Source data
§
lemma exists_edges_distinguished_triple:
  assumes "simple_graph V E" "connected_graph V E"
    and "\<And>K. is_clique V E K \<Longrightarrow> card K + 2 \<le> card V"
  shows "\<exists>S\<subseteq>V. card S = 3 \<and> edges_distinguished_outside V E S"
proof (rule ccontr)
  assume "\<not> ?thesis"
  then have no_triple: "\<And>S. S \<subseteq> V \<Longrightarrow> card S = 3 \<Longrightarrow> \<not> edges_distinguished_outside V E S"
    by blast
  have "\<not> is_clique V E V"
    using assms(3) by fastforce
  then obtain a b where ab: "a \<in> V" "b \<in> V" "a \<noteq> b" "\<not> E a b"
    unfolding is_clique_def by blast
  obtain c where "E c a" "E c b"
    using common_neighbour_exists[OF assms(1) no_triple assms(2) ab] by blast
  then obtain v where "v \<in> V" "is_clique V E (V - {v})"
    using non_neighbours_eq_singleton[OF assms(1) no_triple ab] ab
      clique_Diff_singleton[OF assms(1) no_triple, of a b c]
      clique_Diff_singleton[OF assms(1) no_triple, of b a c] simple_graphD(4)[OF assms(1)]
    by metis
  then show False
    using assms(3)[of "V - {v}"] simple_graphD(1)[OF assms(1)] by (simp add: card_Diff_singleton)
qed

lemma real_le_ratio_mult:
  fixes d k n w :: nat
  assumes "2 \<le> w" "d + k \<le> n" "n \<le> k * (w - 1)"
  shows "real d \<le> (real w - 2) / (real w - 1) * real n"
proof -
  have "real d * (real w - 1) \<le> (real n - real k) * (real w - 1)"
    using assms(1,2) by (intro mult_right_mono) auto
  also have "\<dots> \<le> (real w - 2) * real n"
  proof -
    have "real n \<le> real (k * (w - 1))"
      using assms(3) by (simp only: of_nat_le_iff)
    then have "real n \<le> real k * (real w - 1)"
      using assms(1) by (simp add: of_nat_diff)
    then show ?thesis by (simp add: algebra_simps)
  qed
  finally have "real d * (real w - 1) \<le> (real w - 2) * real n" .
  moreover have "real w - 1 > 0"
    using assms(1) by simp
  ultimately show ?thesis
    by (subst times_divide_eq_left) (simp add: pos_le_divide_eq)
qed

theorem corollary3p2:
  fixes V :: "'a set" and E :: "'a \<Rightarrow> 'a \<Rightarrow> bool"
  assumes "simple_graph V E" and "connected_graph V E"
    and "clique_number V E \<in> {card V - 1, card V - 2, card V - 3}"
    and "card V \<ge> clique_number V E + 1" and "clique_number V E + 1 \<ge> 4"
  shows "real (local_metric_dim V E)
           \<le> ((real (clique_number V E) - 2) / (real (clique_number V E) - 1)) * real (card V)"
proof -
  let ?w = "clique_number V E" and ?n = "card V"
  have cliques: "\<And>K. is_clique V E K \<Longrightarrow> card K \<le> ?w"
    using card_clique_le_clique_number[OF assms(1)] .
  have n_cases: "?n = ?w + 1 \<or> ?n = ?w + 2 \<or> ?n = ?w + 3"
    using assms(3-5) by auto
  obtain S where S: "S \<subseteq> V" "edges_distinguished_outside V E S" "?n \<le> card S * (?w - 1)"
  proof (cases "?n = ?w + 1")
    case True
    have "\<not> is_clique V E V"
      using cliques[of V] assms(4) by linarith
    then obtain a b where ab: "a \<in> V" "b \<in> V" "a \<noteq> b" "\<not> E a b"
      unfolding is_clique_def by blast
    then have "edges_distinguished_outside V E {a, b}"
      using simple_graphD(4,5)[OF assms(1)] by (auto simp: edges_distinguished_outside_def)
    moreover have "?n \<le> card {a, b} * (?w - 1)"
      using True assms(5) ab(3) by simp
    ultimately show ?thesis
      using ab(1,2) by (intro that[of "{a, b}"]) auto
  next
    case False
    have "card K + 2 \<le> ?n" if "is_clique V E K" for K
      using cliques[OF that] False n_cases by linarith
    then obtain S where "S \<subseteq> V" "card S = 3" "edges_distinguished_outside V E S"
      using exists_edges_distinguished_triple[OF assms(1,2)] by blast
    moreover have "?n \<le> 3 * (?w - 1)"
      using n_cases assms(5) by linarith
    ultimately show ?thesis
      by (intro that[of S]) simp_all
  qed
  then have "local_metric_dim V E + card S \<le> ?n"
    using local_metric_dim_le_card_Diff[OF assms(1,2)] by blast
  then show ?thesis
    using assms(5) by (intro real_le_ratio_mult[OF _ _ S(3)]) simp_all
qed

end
§
WORK TASK –
Return a word-for-word copy of the lines above from the one holding "n \<le> real (k" through the one holding "using assms(1) by simp", with both of them included and nothing besides.

PROBLEM SOLUTION –
    have "real n \<le> real (k * (w - 1))"
      using assms(3) by (simp only: of_nat_le_iff)
    then have "real n \<le> real k * (real w - 1)"
      using assms(1) by (simp add: of_nat_diff)
    then show ?thesis by (simp add: algebra_simps)
  qed
  finally have "real d * (real w - 1) \<le> (real w - 2) * real n" .
  moreover have "real w - 1 > 0"
    using assms(1) by simp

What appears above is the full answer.